Upper bounds on the purity of Wigner positive quantum states that verify the Wigner entropy conjecture
Qipeng Qian, Christos Gagatsos
TL;DR
This work addresses the Wigner entropy conjecture for Wigner-nonnegative states by introducing a minimal, physically motivated constraint set and deriving a computable hierarchy of purity-based lower bounds on the Wigner entropy. Using a truncated-series expansion of $-\ln x$ and the moment structure of the Wigner function, it constructs bounds $B_n$ and translates them into explicit purity thresholds $\mu_n$, with $\mu_2=4-2\sqrt{3}$ and a large-$n$ limit of $\mu=2/e$. It also proves the optimality of the purity-only bound under the given constraints via a flat-top extremizer and strengthens the bound by incorporating a variance term $\mathrm{Var}(X)$, yielding improved thresholds when higher moments are constrained.

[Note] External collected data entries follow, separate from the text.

(* Let $A=(A,\mu,\eta,\Delta,\varepsilon,S)$ be an involutory Hopf algebra in a symmetric monoidal category $\mathcal{C}$ satisfying (A1): there are an invertible object $I$, a universal left integral $\Lambda\colon I\to A$ and a universal right cointegral $\lambda\colon A\to I$ with $\lambda\Lambda=\mathrm{id}_I$. Then the map $$\Psi\colon \mathrm{Hom}_{\mathcal{C}}(A\otimes A,I)\to\mathrm{Hom}_{\mathcal{C}}(A\otimes I,I\otimes A),\qquad \Psi(e)=(e\otimes\mathrm{id}_A)(\mathrm{id}_A\otimes\Delta\Lambda),$$ is injective.
   Context: $\mathcal{C}$ symmetric monoidal with unit $\mathbb{1}$, symmetry $\tau$, constraints suppressed. An object $I$ is invertible if $I\otimes J\cong\mathbb{1}$ for some $J$. Involutory Hopf algebra: bialgebra with invertible antipode $S$, $S^2=\mathrm{id}_A$. A left integral is $\Lambda\colon I\to A$ with $\mu(\mathrm{id}_A\otimes\Lambda)=\varepsilon\otimes\Lambda$; a right cointegral is $\lambda\colon A\to I$ with $(\lambda\otimes\mathrm{id}_A)\Delta=\lambda\otimes\eta$. $\Lambda$ is universal if every left integral $X\to A$ factors uniquely through $\Lambda$ via a morphism $X\to I$; $\lambda$ is universal if every right cointegral $A\to X$ factors uniquely as $g'\lambda$ with $g'\colon I\to X$. *)

theory Defs
  imports Main
begin

text \<open>A (strict) symmetric monoidal category, with associativity and unit
constraints suppressed (identities), as in the paper's convention.
Objects are all elements of type 'o; arrows are elements of type 'm satisfying arr.
cmp g f denotes the composite g after f.\<close>

record ('o, 'm) smc =
  arr :: "'m \<Rightarrow> bool"
  src :: "'m \<Rightarrow> 'o"
  tgt :: "'m \<Rightarrow> 'o"
  cmp :: "'m \<Rightarrow> 'm \<Rightarrow> 'm"
  ident :: "'o \<Rightarrow> 'm"
  otensor :: "'o \<Rightarrow> 'o \<Rightarrow> 'o"
  mtensor :: "'m \<Rightarrow> 'm \<Rightarrow> 'm"
  unit_ob :: "'o"
  symm :: "'o \<Rightarrow> 'o \<Rightarrow> 'm"

definition hom :: "('o, 'm) smc \<Rightarrow> 'o \<Rightarrow> 'o \<Rightarrow> 'm set" where
  "hom C X Y = {f. arr C f \<and> src C f = X \<and> tgt C f = Y}"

The results clarify why additional physicality constraints are necessary to move toward the extremal regime $\mu\le 1$, and they outline a pathway to refine the bounds via higher moments or structural quantum constraints, potentially extending to multimode settings.
Abstract
We present analytical results toward the Wigner entropy conjecture, which posits that among all physical Wigner non-negative states the Wigner entropy is minimized by pure Gaussian states for which it attains the value $1+\lnπ$.Working under a minimal set of constraints on the Wigner function, namely, non-negativity, normalization, and the pointwise bound $πW\le 1$, we construct an explicit hierarchy of lower bounds $B_n$ on $S[W]$ by combining a truncated series lower bound for $-\ln x$ with moment identities of the Wigner function.This yields closed-form purity-based sufficient conditions ensuring $S[W]\ge 1+\lnπ$.In particular, we first prove that all Wigner non-negative states with $μ\le 4-2\sqrt3$ satisfy the Wigner entropy conjecture. We further obtain a systematic purity-only relaxation of the hierarchy, yielding the simple sufficient condition $μ\le 2/e$. On top of aforesaid results, our analysis clarifies why additional physicality constraints are necessary for purity-based approaches that aim to approach the extremal case $μ\leq1$.